Originally posted April 7, 2017
By Bob Elliott
Canadian Baseball Network
COOPERSTOWN, NY _ The private tour moved from one exhibit to another.
The identical, angelic twins were called over to see an interactive display ... which is hooked up to Baseball-Reference’s excellent leader page and is updated each morning. The single-season, career, active, progressive and year-by-year Top-10s are shown for any stastistical category a fan could think of looking up.
When someone finished clicking the complete all-time, stolen bases leaders showed on the screen and the list looked like this ...
Rank Player (Yrs) Stolen Bases Bats
1. Rickey Henderson (25) 1406 R
2. Lou Brock (19) 938 L
3. Billy Hamilton (14) 914 L
4. Ty Cobb (24) 897 L
5. Tim Raines (23) 808 B
When Raines’ name was touched a head shot of a youngster wearing a Montreal Expos cap popped up.
“Dad!” Exclaimed Ava Raines, 6 1/2 years of age or was it her identical twin sister Amelie Raines?

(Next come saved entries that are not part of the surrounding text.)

(* Let $n\ge 1$, $\lambda_s>0$, $\lambda>0$ and let $n_0\ge 2$. In the line network $L(n_0)$ (with parameter $n$), for every integer $i$ with $1\le i\le \frac{n_0}{2}$ we have $$\Delta^{\ell(n_0)}_{i+1}\le \Delta^{\ell(n_0)}_{i}.$$
   Context: Version-age model. A gossip network on a finite node set $\mathcal N$ is specified by source rates $\lambda_{0j}>0$ ($j\in\mathcal N$) and gossip rates $\lambda_{ij}\ge 0$ for ordered pairs $i\neq j$ in $\mathcal N$ ($\lambda_{ij}$ is the rate at which node $i$ sends updates to node $j$); $\lambda_s>0$ is the source's own update rate. For nonempty $S\subseteq\mathcal N$ let $N(S)=\{i\in\mathcal N\setminus S:\ \sum_{j\in S}\lambda_{ij}>0\}$. The version ages $\Delta_S$ ($\emptyset\neq S\subseteq\mathcal N$) are the numbers defined by $$\Delta_S=\frac{\lambda_s+\sum_{i\in N(S)}\big(\sum_{j\in S}\lambda_{ij}\big)\Delta_{S\cup\{i\}}}{\sum_{j\in S}\lambda_{0j}+\sum_{i\in N(S)}\sum_{j\in S}\lambda_{ij}},$$ which is well defined by downward induction on $|S|$ (all sets on the right are strictly larger than $S$). Write $\Delta_i=\Delta_{\{i\}}$. Line network $L(n_0)$ with parameter $n$: node set $\{1,\dots,n_0\}$, $\lambda_{0j}=\lambda/n$ for all $j$, $\lambda_{i,i+1}=\lambda_{i+1,i}=\lambda/2$ for $1\le i\le n_0-1$, and all other $\lambda_{ij}=0$. $\Delta^{\ell(n_0)}_i$ denotes $\Delta_i$ in this network. *)

theory Defs
  imports Complex_Main
begin

text \<open>Gossip network: node set N, source rates l0 j, gossip rates l i j (node i to node j),
  source update rate ls.\<close>

definition nbr :: "nat set \<Rightarrow> (nat \<Rightarrow> nat \<Rightarrow> real) \<Rightarrow> nat set \<Rightarrow> nat set" where
  "nbr N l S = {i \<in> N - S. (\<Sum>j\<in>S. l i j) > 0}"

text \<open>Version-age recursion with a fuel argument; fuel (card N - card S + 1) suffices since
  every set on the right-hand side is one element larger (downward induction on |S|).\<close>
fun vage_aux :: "nat set \<Rightarrow> (nat \<Rightarrow> real) \<Rightarrow> (nat \<Rightarrow> nat \<Rightarrow> real) \<Rightarrow> real \<Rightarrow> nat \<Rightarrow> nat set \<Rightarrow> real" where
  "vage_aux N l0 l ls 0 S = 0"
| "vage_aux N l0 l ls (Suc k) S =
     (ls + (\<Sum>i\<in>nbr N l S. (\<Sum>j\<in>S. l i j) * vage_aux N l0 l ls k (insert i S)))
     / ((\<Sum>j\<in>S. l0 j) + (\<Sum>i\<in>nbr N l S. \<Sum>j\<in>S. l i j))"

definition vage :: "nat set \<Rightarrow> (nat \<Rightarrow> real) \<Rightarrow> (nat \<Rightarrow> nat \<Rightarrow> real) \<Rightarrow> real \<Rightarrow> nat set \<Rightarrow> real" where
  "vage N l0 l ls S = vage_aux N l0 l ls (card N - card S + 1) S"

definition line_nodes :: "nat \<Rightarrow> nat set" where
  "line_nodes n0 = {1..n0}"

definition line_src :: "nat \<Rightarrow> real \<Rightarrow> nat \<Rightarrow> real" where
  "line_src n lam j = lam / real n"

definition line_gossip :: "real \<Rightarrow> nat \<Rightarrow> nat \<Rightarrow> real" where
  "line_gossip lam i j = (if j = i + 1 \<or> i = j + 1 then lam / 2 else 0)"

definition line_age :: "nat \<Rightarrow> nat \<Rightarrow> real \<Rightarrow> real \<Rightarrow> nat \<Rightarrow> real" where
  "line_age n0 n lam ls i =
     vage (line_nodes n0) (line_src n lam) (line_gossip lam) ls {i}"

end

theory Submission
  imports Defs
begin

text \<open>On the line, the version age of a set depends only on the sets reachable from it by
  adding neighbours, and the sets reachable from an interval are again intervals. Write
  \<open>T L R\<close> for the age of the interval obtained by removing \<open>L\<close> nodes at the left end and
  \<open>R\<close> at the right end. The recursion for \<open>T\<close> is symmetric in \<open>L, R\<close>, and a simultaneous
  induction on \<open>L + R\<close> shows that removing more nodes increases the age and that, among
  intervals of equal length, the one closer to the centre has smaller age. The singletons
  \<open>{i + 1}\<close> and \<open>{i}\<close> are intervals of length one, and for \<open>2 i \<le> n\<^sub>0\<close> the first one is
  the more central.\<close>

lemma vage_unfold:
  assumes "finite N" "S \<subseteq> N"
  shows "vage N l0 l ls S =
    (ls + (\<Sum>i\<in>nbr N l S. (\<Sum>j\<in>S. l i j) * vage N l0 l ls (insert i S)))
     / ((\<Sum>j\<in>S. l0 j) + (\<Sum>i\<in>nbr N l S. \<Sum>j\<in>S. l i j))"
proof -
  have "vage_aux N l0 l ls (card N - card S) (insert i S) = vage N l0 l ls (insert i S)"
    if "i \<in> nbr N l S" for i
  proof -
    from that have i: "i \<in> N" "i \<notin> S" by (auto simp: nbr_def)
    with assms have "S \<subset> N" by blast
    with assms(1) have "card S < card N" by (rule psubset_card_mono)
    moreover have "card (insert i S) = Suc (card S)"
      using i assms finite_subset by fastforce
    ultimately have "card N - card (insert i S) + 1 = card N - card S" by simp
    then show ?thesis by (simp only: vage_def)
  qed
  then show ?thesis by (simp add: vage_def cong: sum.cong)
qed

lemma sum_line_gossip_interval:
  assumes "a \<le> b" "i \<notin> {a..b}"
  shows "(\<Sum>j\<in>{a..b}. line_gossip lam i j) = (if i + 1 = a \<or> i = b + 1 then lam / 2 else 0)"
proof -
  have "(\<Sum>j\<in>{a..b}. line_gossip lam i j) = (\<Sum>j\<in>{a..b} \<inter> {j. j = i + 1 \<or> i = j + 1}. lam / 2)"
    unfolding line_gossip_def by (simp add: sum.If_cases)
  also have "{a..b} \<inter> {j. j = i + 1 \<or> i = j + 1} =
      (if i + 1 = a then {a} else if i = b + 1 then {b} else {})"
    using assms by auto
  finally show ?thesis using assms by auto
qed

lemma nbr_line_interval:
  assumes "lam > 0" "1 \<le> a" "a \<le> b" "b \<le> n0"
  shows "nbr {1..n0} (line_gossip lam) {a..b} =
    (if 1 < a then {a - 1} else {}) \<union> (if b < n0 then {b + 1} else {})"
  using assms sum_line_gossip_interval[OF assms(3)] by (auto simp: nbr_def split: if_splits)

lemma vage_line_interval:
  fixes n a b n0 :: nat and lam ls :: real
  assumes "lam > 0" "1 \<le> a" "a \<le> b" "b \<le> n0"
  defines "V \<equiv> vage {1..n0} (line_src n lam) (line_gossip lam) ls"
  shows "V {a..b} =
    (ls + (if 1 < a then lam / 2 * V {a - 1..b} else 0)
        + (if b < n0 then lam / 2 * V {a..b + 1} else 0))
    / (real (b + 1 - a) * lam / real n
        + (if 1 < a then lam / 2 else 0) + (if b < n0 then lam / 2 else 0))"
proof -
  have src: "(\<Sum>j\<in>{a..b}. line_src n lam j) = real (b + 1 - a) * lam / real n"
    by (simp add: line_src_def)
  have "insert (a - 1) {a..b} = {a - 1..b}" if "1 < a" using that assms by auto
  moreover have "insert (b + 1) {a..b} = {a..b + 1}" using assms by auto
  moreover have "{a..b} \<subseteq> {1..n0}" using assms by auto
  ultimately show ?thesis
    unfolding V_def vage_unfold[OF finite_atLeastAtMost \<open>{a..b} \<subseteq> {1..n0}\<close>]
      nbr_line_interval[OF assms(1-4)]
    using assms by (auto simp: src sum_line_gossip_interval algebra_simps)
qed

definition trimmed_age :: "nat \<Rightarrow> nat \<Rightarrow> real \<Rightarrow> real \<Rightarrow> nat \<Rightarrow> nat \<Rightarrow> real" where
  "trimmed_age n0 n lam ls L R =
     vage (line_nodes n0) (line_src n lam) (line_gossip lam) ls {L + 1..n0 - R}"

definition boundary_rate :: "real \<Rightarrow> nat \<Rightarrow> real" where
  "boundary_rate lam k = (if k = 0 then 0 else lam / 2)"

lemma boundary_rate_nonneg: "lam > 0 \<Longrightarrow> boundary_rate lam k \<ge> 0"
  by (simp add: boundary_rate_def)

text \<open>When \<open>L = 0\<close> the term \<open>T (L - 1) R\<close> is multiplied by the rate \<open>0\<close>, so truncated
  subtraction is harmless; likewise for \<open>R\<close>.\<close>

lemma trimmed_age_rec:
  fixes n L R n0 :: nat and lam ls :: real
  assumes "lam > 0" "L + R < n0"
  defines "T \<equiv> trimmed_age n0 n lam ls" and "h \<equiv> boundary_rate lam"
  shows "T L R =
    (ls + h L * T (L - 1) R + h R * T L (R - 1))
    / (real (n0 - L - R) * lam / real n + h L + h R)"
proof -
  have "n0 - (R - 1) = n0 - R + 1" if "0 < R" using that assms by simp
  moreover have "n0 - R + 1 - (L + 1) = n0 - L - R" by simp
  ultimately show ?thesis
    unfolding T_def h_def trimmed_age_def line_nodes_def boundary_rate_def
    using assms vage_line_interval[OF assms(1), of "L + 1" "n0 - R" n0 n ls]
    by (auto simp: Suc_diff_le)
qed

lemma trimmed_age_denominator_pos:
  assumes "lam > 0" "n \<ge> 1" "L + R < n0"
  shows "real (n0 - L - R) * lam / real n + boundary_rate lam L + boundary_rate lam R > 0"
  using assms boundary_rate_nonneg[OF assms(1)]
  by (intro add_pos_nonneg) (auto simp: of_nat_diff)

lemma trimmed_age_balance:
  fixes n L R n0 :: nat and lam ls :: real
  assumes "lam > 0" "n \<ge> 1" "L + R < n0"
  defines "T \<equiv> trimmed_age n0 n lam ls" and "h \<equiv> boundary_rate lam"
  shows "T L R * (real (n0 - L - R) * lam / real n + h L + h R) =
    ls + h L * T (L - 1) R + h R * T L (R - 1)"
  using trimmed_age_rec[OF assms(1,3)] trimmed_age_denominator_pos[OF assms(1-3)]
  unfolding T_def h_def by simp

lemma trimmed_age_pos:
  assumes "lam > 0" "ls > 0" "n \<ge> 1" "L + R < n0"
  shows "trimmed_age n0 n lam ls L R > 0"
  using assms(4)
proof (induction "L + R" arbitrary: L R rule: less_induct)
  case less
  have "boundary_rate lam L * trimmed_age n0 n lam ls (L - 1) R \<ge> 0"
    using less.hyps[of "L - 1" R] less.prems assms(1)
    by (auto simp: boundary_rate_def intro: mult_nonneg_nonneg less_imp_le)
  moreover have "boundary_rate lam R * trimmed_age n0 n lam ls L (R - 1) \<ge> 0"
    using less.hyps[of L "R - 1"] less.prems assms(1)
    by (auto simp: boundary_rate_def intro: mult_nonneg_nonneg less_imp_le)
  ultimately show ?case
    using trimmed_age_rec[OF assms(1) less.prems]
      trimmed_age_denominator_pos[OF assms(1,3) less.prems] assms(2)
    by simp
qed

lemma trimmed_age_sym:
  assumes "lam > 0" "L + R < n0"
  shows "trimmed_age n0 n lam ls L R = trimmed_age n0 n lam ls R L"
  using assms(2)
proof (induction "L + R" arbitrary: L R rule: less_induct)
  case less
  let ?T = "trimmed_age n0 n lam ls" and ?h = "boundary_rate lam"
  have "?h L * ?T (L - 1) R = ?h L * ?T R (L - 1)"
    using less.hyps[of "L - 1" R] less.prems by (simp add: boundary_rate_def)
  moreover have "?h R * ?T L (R - 1) = ?h R * ?T (R - 1) L"
    using less.hyps[of L "R - 1"] less.prems by (simp add: boundary_rate_def)
  moreover have "n0 - L - R = n0 - R - L" by simp
  ultimately have "(ls + ?h L * ?T (L - 1) R + ?h R * ?T L (R - 1))
      / (real (n0 - L - R) * lam / real n + ?h L + ?h R) =
    (ls + ?h R * ?T (R - 1) L + ?h L * ?T R (L - 1))
      / (real (n0 - R - L) * lam / real n + ?h R + ?h L)"
    by (simp only: ac_simps)
  with less.prems show ?case
    using trimmed_age_rec[OF assms(1), of L R] trimmed_age_rec[OF assms(1), of R L] by simp
qed

lemma trimmed_age_mono:
  assumes "lam > 0" "ls > 0" "n \<ge> 1" "L + Suc R < n0"
  shows "trimmed_age n0 n lam ls L R \<le> trimmed_age n0 n lam ls L (Suc R)"
  using assms(4)
proof (induction "L + R" arbitrary: L R rule: less_induct)
  case less
  let ?T = "trimmed_age n0 n lam ls" and ?h = "boundary_rate lam"
  define c where "c = real (n0 - L - Suc R) * lam / real n"
  define c' where "c' = real (n0 - L - R) * lam / real n"
  have balance_R: "?T L R * (c' + ?h L + ?h R) = ls + ?h L * ?T (L - 1) R + ?h R * ?T L (R - 1)"
    unfolding c'_def using trimmed_age_balance[OF assms(1,3)] less.prems by simp
  have balance_Suc_R: "?T L (Suc R) * (c + ?h L + lam / 2) =
      ls + ?h L * ?T (L - 1) (Suc R) + lam / 2 * ?T L R"
    unfolding c_def using trimmed_age_balance[OF assms(1,3), of L "Suc R"] less.prems
    by (simp add: boundary_rate_def)
  have denominator_pos: "c + ?h L + lam / 2 > 0"
    unfolding c_def using trimmed_age_denominator_pos[OF assms(1,3), of L "Suc R"] less.prems
    by (simp add: boundary_rate_def)
  have "c \<le> c'"
    unfolding c_def c'_def using assms(1) by (intro divide_right_mono mult_right_mono) auto
  then have "?T L R * c \<le> ?T L R * c'"
    using trimmed_age_pos[OF assms(1-3)] less.prems by (simp add: less_imp_le)
  moreover have "?h L * ?T (L - 1) R \<le> ?h L * ?T (L - 1) (Suc R)"
    using less.hyps[of "L - 1" R] less.prems assms(1) by (simp add: boundary_rate_def)
  moreover have "?h R * ?T L (R - 1) \<le> ?h R * ?T L R"
    using less.hyps[of L "R - 1"] less.prems assms(1) by (simp add: boundary_rate_def)
  ultimately have "?T L R * (c + ?h L + lam / 2) \<le> ?T L (Suc R) * (c + ?h L + lam / 2)"
    using balance_R balance_Suc_R by (simp add: algebra_simps)
  then show ?case using denominator_pos by (rule mult_right_le_imp_le)
qed

lemma trimmed_age_centred_le:
  assumes "lam > 0" "ls > 0" "n \<ge> 1" "L + Suc R < n0" "L \<le> R"
  shows "trimmed_age n0 n lam ls (Suc L) R \<le> trimmed_age n0 n lam ls L (Suc R)"
  using assms(4,5)
proof (induction "L + R" arbitrary: L R rule: less_induct)
  case less
  let ?T = "trimmed_age n0 n lam ls" and ?h = "boundary_rate lam"
  show ?case
  proof (cases "L = R")
    case True
    then show ?thesis using trimmed_age_sym[OF assms(1), of "Suc L" L n0 n ls] less.prems by simp
  next
    case False
    with less.prems obtain Q where Q: "R = Suc Q" "L \<le> Q" by (cases R) auto
    define c where "c = real (n0 - L - Suc R) * lam / real n"
    have balance_inner: "?T (Suc L) R * (c + lam) = ls + lam / 2 * ?T L R + lam / 2 * ?T (Suc L) Q"
      unfolding c_def using trimmed_age_balance[OF assms(1,3), of "Suc L" R] less.prems Q
      by (simp add: boundary_rate_def ac_simps)
    have balance_outer: "?T L (Suc R) * (c + ?h L + lam / 2) =
        ls + ?h L * ?T (L - 1) (Suc R) + lam / 2 * ?T L R"
      unfolding c_def using trimmed_age_balance[OF assms(1,3), of L "Suc R"] less.prems
      by (simp add: boundary_rate_def)
    have "c + lam > 0"
      unfolding c_def using assms(1) by (intro add_nonneg_pos) auto
    have "?T (Suc L) Q \<le> ?T L R"
      using less.hyps[of L Q] less.prems Q by simp
    also have "?T L R \<le> (if L = 0 then ?T L (Suc R) else ?T (L - 1) (Suc R))"
      using trimmed_age_mono[OF assms(1-3)] less.hyps[of "L - 1" R] less.prems by auto
    finally have "lam / 2 * ?T (Suc L) Q \<le>
        ?h L * ?T (L - 1) (Suc R) + (lam / 2 - ?h L) * ?T L (Suc R)"
      using assms(1) by (simp add: boundary_rate_def split: if_splits)
    then have "?T (Suc L) R * (c + lam) \<le> ?T L (Suc R) * (c + lam)"
      using balance_inner balance_outer by (simp add: algebra_simps)
    then show ?thesis using \<open>c + lam > 0\<close> by (rule mult_right_le_imp_le)
  qed
qed

theorem theorem1:
  fixes n n0 i :: nat and ls lam :: real
  assumes "n \<ge> 1" and "ls > 0" and "lam > 0" and "n0 \<ge> 2"
    and "1 \<le> i" and "real i \<le> real n0 / 2"
  shows "line_age n0 n lam ls (i + 1) \<le> line_age n0 n lam ls i"
proof -
  have "2 * i \<le> n0" using assms(6) by linarith
  then have "line_age n0 n lam ls (i + 1) = trimmed_age n0 n lam ls (Suc (i - 1)) (n0 - i - 1)"
    and "line_age n0 n lam ls i = trimmed_age n0 n lam ls (i - 1) (Suc (n0 - i - 1))"
    unfolding line_age_def trimmed_age_def using assms(5) by simp_all
  moreover have "trimmed_age n0 n lam ls (Suc (i - 1)) (n0 - i - 1) \<le>
      trimmed_age n0 n lam ls (i - 1) (Suc (n0 - i - 1))"
    using \<open>2 * i \<le> n0\<close> assms(5) by (intro trimmed_age_centred_le[OF assms(3,2,1)]) auto
  ultimately show ?thesis by simp
qed

end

When it was time to move on it was suggested moving the display to the main menu. One of the gals -- either Amelie or Ava -- suggested that no, it would be fine to leave it right there. That way the next visitor would get to see their father’s picture.
Their dad, Tim Raines will be inducted into the Baseball Hall of Fame in Cooperstown, N.Y. on July 30. While dad was escorted on his own orientation visit tour the other day, the twins moved on their on, sometimes drifting ahead, sometimes trailing behind, hitting the button to play "O Canada" at another interactive station of ball park songs. While they live in Phoenix, mom Shannon, is from Arnprior, Ont.
* * *
Raines, 57, ambled from one display case to another. He had been to Cooperstown before to see old Expos teammates Gary Carter and Andre Dawson inducted. This time, this trip, this tour though was all about him.
At times he walked alongside Shannon or took his daughters by the hand moving to the next display. He was deliberate, one eye on his girls, who were sometimes skipping about as the excursion moved from one floor to another. If was as if he was measuring a new September call up reliever as he led off first ... just far enough to draw a throw ... and hear Paul Shubin crack up the chickens graphic on the centre field scoreboard at Olympic Stadium.
If not for the three-man camera crew, the entourage of Cooperstown officials walking in front and behind, along with Jonah Keri, the Montrealer who works for CBS Sports and some old goat trailing, the Raines walk-through could have been a just another Hall of Fame family outing.
“Excuse me sir,” asked a man in a green sweater, “who is that?”
Tim Raines.
Another man asked, was told and replied “It’s about time those dumb writers finally woke up and elected him. He belongs.”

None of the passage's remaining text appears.